EXERCISE =>
Report each line of the entries below that has the word "fact" in it.

RECORDS FOR THIS EXERCISE =>

(* Fix $M\in\mathbb{R}$. For all $m\le M$, all probability distributions $\nu\in\mathcal{D}_{m,M}$ and all $\mu>\mathbb{E}(\nu)$, \[ \mathcal{K}_{\inf}(\nu,\mu,\mathcal{D}_{m,M})=\mathcal{K}_{\inf}(\nu,\mu,\mathcal{D}_{-\infty,M}). \]
   Context: $\mathcal{D}_{m,M}$ is the set of probability distributions on $\mathbb{R}$ supported on $[m,M]$; $\mathcal{D}_{-\infty,M}$ is the set of probability distributions with a first moment supported on $(-\infty,M]$. $\mathbb{E}(\nu)$ denotes the mean of $\nu$. For a distribution $\nu$, $x\in\mathbb{R}$ and a set of distributions $\mathcal{D}$, $\mathcal{K}_{\inf}(\nu,x,\mathcal{D})=\inf\{\mathrm{KL}(\nu,\nu'):\nu'\in\mathcal{D},\ \mathbb{E}(\nu')>x\}$, with the infimum of the empty set equal to $+\infty$; $\mathrm{KL}(\nu,\nu')=\int\ln(d\nu/d\nu')\,d\nu$ if $\nu\ll\nu'$ and $+\infty$ otherwise. *)

theory Defs
  imports "HOL-Probability.Probability"
begin

definition real_distr :: "real measure \<Rightarrow> bool" where
  "real_distr \<nu> \<longleftrightarrow> prob_space \<nu> \<and> sets \<nu> = sets borel"

definition D_bdd :: "real \<Rightarrow> real \<Rightarrow> real measure set" where
  "D_bdd m M = {\<nu>. real_distr \<nu> \<and> emeasure \<nu> {m..M} = 1}"

definition D_upper :: "real \<Rightarrow> real measure set" where
  "D_upper M = {\<nu>. real_distr \<nu> \<and> integrable \<nu> (\<lambda>x. x) \<and> emeasure \<nu> {..M} = 1}"

definition mean :: "real measure \<Rightarrow> real" where
  "mean \<nu> = integral\<^sup>L \<nu> (\<lambda>x. x)"

text \<open>KL(nu, nu') = integral of ln(d nu / d nu') d nu if nu << nu', +infinity otherwise.
  The integral is taken in the extended sense: positive part minus negative part.\<close>
definition KL :: "real measure \<Rightarrow> real measure \<Rightarrow> ereal" where
  "KL \<nu> \<nu>' =
    (if absolutely_continuous \<nu>' \<nu> then
       (let f = (\<lambda>x. enn2real (RN_deriv \<nu>' \<nu> x)) in
          enn2ereal (\<integral>\<^sup>+ x. ennreal (ln (f x)) \<partial>\<nu>)
          - enn2ereal (\<integral>\<^sup>+ x. ennreal (- ln (f x)) \<partial>\<nu>))
     else \<infinity>)"

text \<open>K_inf(nu, x, D) = inf {KL(nu,nu') : nu' in D, E(nu') > x}; Inf {} = +infinity in ereal.\<close>
definition Kinf :: "real measure \<Rightarrow> real \<Rightarrow> real measure set \<Rightarrow> ereal" where
  "Kinf \<nu> x D = Inf {KL \<nu> \<nu>' | \<nu>'. \<nu>' \<in> D \<and> mean \<nu>' > x}"

end

theory Submission imports Defs begin

(* Clamp a competitor nu' in D_{-infinity,M} from below at m, i.e. move all of its mass on
  (-infinity, m] onto the point m. The result lies in D_{m,M} and has a mean at least that of
  nu'. Since nu lives on [m, M], its density with respect to the clamped measure can be chosen
  equal to d nu / d nu' on (m, infinity), while at m it is nu{m} / nu'(-infinity, m], which is
  at most nu{m} / nu'{m} = (d nu / d nu')(m). So the log-likelihood ratio only decreases and
  KL(nu, .) does not increase: every competitor in D_{-infinity,M} is dominated by one in
  D_{m,M}, and the reverse inequality is the inclusion D_{m,M} <= D_{-infinity,M}. *)

lemma KL_mono_RN_deriv:
  assumes "absolutely_continuous \<nu>\<^sub>1 \<nu>" "absolutely_continuous \<nu>\<^sub>2 \<nu>"
    and "AE x in \<nu>. ln (enn2real (RN_deriv \<nu>\<^sub>1 \<nu> x)) \<le> ln (enn2real (RN_deriv \<nu>\<^sub>2 \<nu> x))"
  shows "KL \<nu> \<nu>\<^sub>1 \<le> KL \<nu> \<nu>\<^sub>2"
proof -
  have "(\<integral>\<^sup>+ x. ennreal (ln (enn2real (RN_deriv \<nu>\<^sub>1 \<nu> x))) \<partial>\<nu>)
      \<le> (\<integral>\<^sup>+ x. ennreal (ln (enn2real (RN_deriv \<nu>\<^sub>2 \<nu> x))) \<partial>\<nu>)"
    using assms(3) by (intro nn_integral_mono_AE) (auto elim!: eventually_mono intro!: ennreal_leI)
  moreover have "(\<integral>\<^sup>+ x. ennreal (- ln (enn2real (RN_deriv \<nu>\<^sub>2 \<nu> x))) \<partial>\<nu>)
      \<le> (\<integral>\<^sup>+ x. ennreal (- ln (enn2real (RN_deriv \<nu>\<^sub>1 \<nu> x))) \<partial>\<nu>)"
    using assms(3) by (intro nn_integral_mono_AE) (auto elim!: eventually_mono intro!: ennreal_leI)
  ultimately show ?thesis
    using assms(1,2) unfolding less_eq_ennreal.rep_eq by (simp add: KL_def ereal_minus_mono)
qed

lemma AE_density_of_AE:
  assumes "f \<in> borel_measurable M" and "AE x in M. P x"
  shows "AE x in density M f. P x"
  using assms by (simp add: AE_density eventually_mono)

lemma KL_mono_density:
  assumes "sigma_finite_measure \<nu>" "sigma_finite_measure \<nu>\<^sub>1" "sigma_finite_measure \<nu>\<^sub>2"
    and h\<^sub>1: "h\<^sub>1 \<in> borel_measurable \<nu>\<^sub>1" and dens\<^sub>1: "density \<nu>\<^sub>1 h\<^sub>1 = \<nu>"
    and h\<^sub>2: "h\<^sub>2 \<in> borel_measurable \<nu>\<^sub>2" and dens\<^sub>2: "density \<nu>\<^sub>2 h\<^sub>2 = \<nu>"
    and le: "AE x in \<nu>. h\<^sub>1 x \<le> h\<^sub>2 x"
  shows "KL \<nu> \<nu>\<^sub>1 \<le> KL \<nu> \<nu>\<^sub>2"
proof (rule KL_mono_RN_deriv)
  interpret \<nu>\<^sub>1: sigma_finite_measure \<nu>\<^sub>1 by fact
  interpret \<nu>\<^sub>2: sigma_finite_measure \<nu>\<^sub>2 by fact
  show "absolutely_continuous \<nu>\<^sub>1 \<nu>"
    using absolutely_continuousI_density[OF h\<^sub>1] dens\<^sub>1 by simp
  show ac\<^sub>2: "absolutely_continuous \<nu>\<^sub>2 \<nu>"
    using absolutely_continuousI_density[OF h\<^sub>2] dens\<^sub>2 by simp
  have RN\<^sub>1: "AE x in \<nu>. h\<^sub>1 x = RN_deriv \<nu>\<^sub>1 \<nu> x"
    using AE_density_of_AE[OF h\<^sub>1 \<nu>\<^sub>1.RN_deriv_unique[OF h\<^sub>1 dens\<^sub>1]] unfolding dens\<^sub>1 .
  have RN\<^sub>2: "AE x in \<nu>. h\<^sub>2 x = RN_deriv \<nu>\<^sub>2 \<nu> x"
    using AE_density_of_AE[OF h\<^sub>2 \<nu>\<^sub>2.RN_deriv_unique[OF h\<^sub>2 dens\<^sub>2]] unfolding dens\<^sub>2 .
  have pos: "AE x in \<nu>. 0 < h\<^sub>1 x"
    using AE_density[OF h\<^sub>1, of "\<lambda>x. 0 < h\<^sub>1 x"] unfolding dens\<^sub>1 by simp
  have "AE x in \<nu>\<^sub>2. RN_deriv \<nu>\<^sub>2 \<nu> x \<noteq> \<infinity>"
    using \<nu>\<^sub>2.RN_deriv_finite[OF assms(1) ac\<^sub>2] dens\<^sub>2 by auto
  then have fin: "AE x in \<nu>. RN_deriv \<nu>\<^sub>2 \<nu> x \<noteq> \<infinity>"
    using AE_density_of_AE[OF h\<^sub>2] dens\<^sub>2 by blast
  show "AE x in \<nu>. ln (enn2real (RN_deriv \<nu>\<^sub>1 \<nu> x)) \<le> ln (enn2real (RN_deriv \<nu>\<^sub>2 \<nu> x))"
    using RN\<^sub>1 RN\<^sub>2 pos fin le
  proof eventually_elim
    case (elim x)
    then have "0 < enn2real (h\<^sub>1 x)" and "enn2real (h\<^sub>1 x) \<le> enn2real (h\<^sub>2 x)"
      by (auto simp: enn2real_positive_iff top.not_eq_extremum le_less_trans intro!: enn2real_mono)
    then show ?case using elim by simp
  qed
qed

lemma AE_D_bdd:
  assumes "\<nu> \<in> D_bdd m M"
  shows "AE x in \<nu>. x \<in> {m..M}"
proof -
  interpret prob_space \<nu>
    using assms by (simp add: D_bdd_def real_distr_def)
  show ?thesis
    using AE_in_set_eq_1[of "{m..M}"] assms by (simp add: D_bdd_def real_distr_def emeasure_eq_measure)
qed

lemma D_bdd_subset_D_upper: "D_bdd m M \<subseteq> D_upper M"
proof
  fix \<nu> assume \<nu>: "\<nu> \<in> D_bdd m M"
  then have "prob_space \<nu>" and sets: "sets \<nu> = sets borel" and "emeasure \<nu> {m..M} = 1"
    by (auto simp: D_bdd_def real_distr_def)
  interpret prob_space \<nu> by fact
  have "AE x in \<nu>. norm x \<le> \<bar>m\<bar> + \<bar>M\<bar>"
    using AE_D_bdd[OF \<nu>] by eventually_elim auto
  then have "integrable \<nu> (\<lambda>x. x)"
    by (rule integrable_const_bound) (simp add: measurable_cong_sets[OF sets refl])
  moreover have "emeasure \<nu> {..M} = 1"
  proof (rule antisym)
    have "emeasure \<nu> {m..M} \<le> emeasure \<nu> {..M}"
      by (rule emeasure_mono) (auto simp: sets)
    then show "1 \<le> emeasure \<nu> {..M}"
      using \<open>emeasure \<nu> {m..M} = 1\<close> by simp
  qed (rule emeasure_le_1)
  ultimately show "\<nu> \<in> D_upper M"
    using \<nu> by (simp add: D_bdd_def D_upper_def)
qed

definition clamp_below :: "real \<Rightarrow> real measure \<Rightarrow> real measure" where
  "clamp_below m \<nu> = distr \<nu> borel (\<lambda>x. max x m)"

lemma clamp_below_in_D_bdd:
  assumes "m \<le> M" and "\<nu> \<in> D_upper M"
  shows "clamp_below m \<nu> \<in> D_bdd m M"
proof -
  have "prob_space \<nu>" and sets: "sets \<nu> = sets borel" and "emeasure \<nu> {..M} = 1"
    using assms(2) by (auto simp: D_upper_def real_distr_def)
  have max_m: "(\<lambda>x. max x m) \<in> measurable \<nu> borel"
    by (simp add: measurable_cong_sets[OF sets refl])
  have "emeasure (clamp_below m \<nu>) {m..M} = emeasure \<nu> ((\<lambda>x. max x m) -` {m..M} \<inter> space \<nu>)"
    unfolding clamp_below_def by (rule emeasure_distr[OF max_m]) simp
  also have "(\<lambda>x. max x m) -` {m..M} \<inter> space \<nu> = {..M}"
    using assms(1) sets_eq_imp_space_eq[OF sets] by auto
  finally show ?thesis
    using prob_space.prob_space_distr[OF \<open>prob_space \<nu>\<close> max_m] \<open>emeasure \<nu> {..M} = 1\<close>
    by (simp add: D_bdd_def real_distr_def clamp_below_def)
qed

lemma mean_le_mean_clamp_below:
  assumes "real_distr \<nu>" and "integrable \<nu> (\<lambda>x. x)"
  shows "mean \<nu> \<le> mean (clamp_below m \<nu>)"
proof -
  interpret prob_space \<nu>
    using assms(1) by (simp add: real_distr_def)
  have "(\<lambda>x. max x m) \<in> measurable \<nu> borel"
    using assms(1) by (simp add: real_distr_def measurable_cong_sets[of \<nu> borel])
  then have "mean (clamp_below m \<nu>) = (\<integral>x. max x m \<partial>\<nu>)"
    unfolding mean_def clamp_below_def by (simp add: integral_distr)
  moreover have "mean \<nu> \<le> (\<integral>x. max x m \<partial>\<nu>)"
    unfolding mean_def using assms(2) by (intro integral_mono integrable_max) auto
  ultimately show ?thesis
    by simp
qed

lemma emeasure_density_singleton_le:
  assumes "f \<in> borel_measurable M" and "{x} \<in> sets M" and "x \<in> A" and "A \<in> sets M"
  shows "emeasure (density M f) {x} \<le> f x * emeasure M A"
proof -
  have "emeasure (density M f) {x} = (\<integral>\<^sup>+y. f y * indicator {x} y \<partial>M)"
    using assms(1,2) by (rule emeasure_density)
  also have "\<dots> = (\<integral>\<^sup>+y. f x * indicator {x} y \<partial>M)"
    by (intro nn_integral_cong) (simp add: indicator_def)
  also have "\<dots> = f x * emeasure M {x}"
    using assms(2) by (rule nn_integral_cmult_indicator)
  also have "\<dots> \<le> f x * emeasure M A"
    using assms by (intro mult_left_mono emeasure_mono) auto
  finally show ?thesis .
qed

lemma density_clamp_below:
  fixes \<nu> \<nu>' :: "real measure"
  assumes sets: "sets \<nu>' = sets borel" and g: "g \<in> borel_measurable borel"
    and dens: "density \<nu>' g = \<nu>" and supp: "AE x in \<nu>. m \<le> x"
    and atom: "c * emeasure \<nu>' {..m} = emeasure \<nu> {m}"
  shows "density (clamp_below m \<nu>') (\<lambda>x. if m < x then g x else if x = m then c else 0) = \<nu>"
    (is "density _ ?h = _")
proof (rule measure_eqI)
  have sets_\<nu>: "sets \<nu> = sets borel"
    unfolding dens[symmetric] using sets by simp
  have meas_\<nu>': "measurable \<nu>' N = measurable borel N" for N :: "'b measure"
    using measurable_cong_sets[OF sets refl] .
  have h: "?h \<in> borel_measurable borel"
    using g by measurable
  show "sets (density (clamp_below m \<nu>') ?h) = sets \<nu>"
    by (simp add: clamp_below_def sets_\<nu>)
  fix A assume "A \<in> sets (density (clamp_below m \<nu>') ?h)"
  then have A[measurable]: "A \<in> sets borel"
    by (simp add: clamp_below_def)
  have "emeasure (density (clamp_below m \<nu>') ?h) A = (\<integral>\<^sup>+x. ?h x * indicator A x \<partial>clamp_below m \<nu>')"
    by (rule emeasure_density) (use h A in \<open>simp_all add: clamp_below_def\<close>)
  also have "\<dots> = (\<integral>\<^sup>+x. ?h (max x m) * indicator A (max x m) \<partial>\<nu>')"
    unfolding clamp_below_def by (rule nn_integral_distr) (use h in \<open>simp_all add: meas_\<nu>'\<close>)
  also have "\<dots> = (\<integral>\<^sup>+x. g x * indicator (A \<inter> {m<..}) x + c * indicator A m * indicator {..m} x \<partial>\<nu>')"
    by (intro nn_integral_cong) (auto simp: indicator_def max_def)
  also have "\<dots> = (\<integral>\<^sup>+x. g x * indicator (A \<inter> {m<..}) x \<partial>\<nu>') + c * indicator A m * emeasure \<nu>' {..m}"
    using g by (simp add: nn_integral_add nn_integral_cmult_indicator sets meas_\<nu>')
  also have "(\<integral>\<^sup>+x. g x * indicator (A \<inter> {m<..}) x \<partial>\<nu>') = emeasure \<nu> (A \<inter> {m<..})"
    using emeasure_density[of g \<nu>' "A \<inter> {m<..}"] dens g by (simp add: sets meas_\<nu>')
  also have "c * indicator A m * emeasure \<nu>' {..m} = emeasure \<nu> (A \<inter> {m})"
    using atom by (cases "m \<in> A") (simp_all add: ac_simps)
  also have "emeasure \<nu> (A \<inter> {m<..}) + emeasure \<nu> (A \<inter> {m}) = emeasure \<nu> (A \<inter> {m..})"
    by (subst plus_emeasure) (auto simp: sets_\<nu> intro: arg_cong[where f = "emeasure \<nu>"])
  also have "\<dots> = emeasure \<nu> A"
    using supp by (intro emeasure_eq_AE) (auto simp: sets_\<nu>)
  finally show "emeasure (density (clamp_below m \<nu>') ?h) A = emeasure \<nu> A" .
qed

EXERCISE RESPONSE =>
  interpret \<nu>\<^sub>1: sigma_finite_measure \<nu>\<^sub>1 by fact
  interpret \<nu>\<^sub>2: sigma_finite_measure \<nu>\<^sub>2 by fact
  interpret prob_space \<nu> by fact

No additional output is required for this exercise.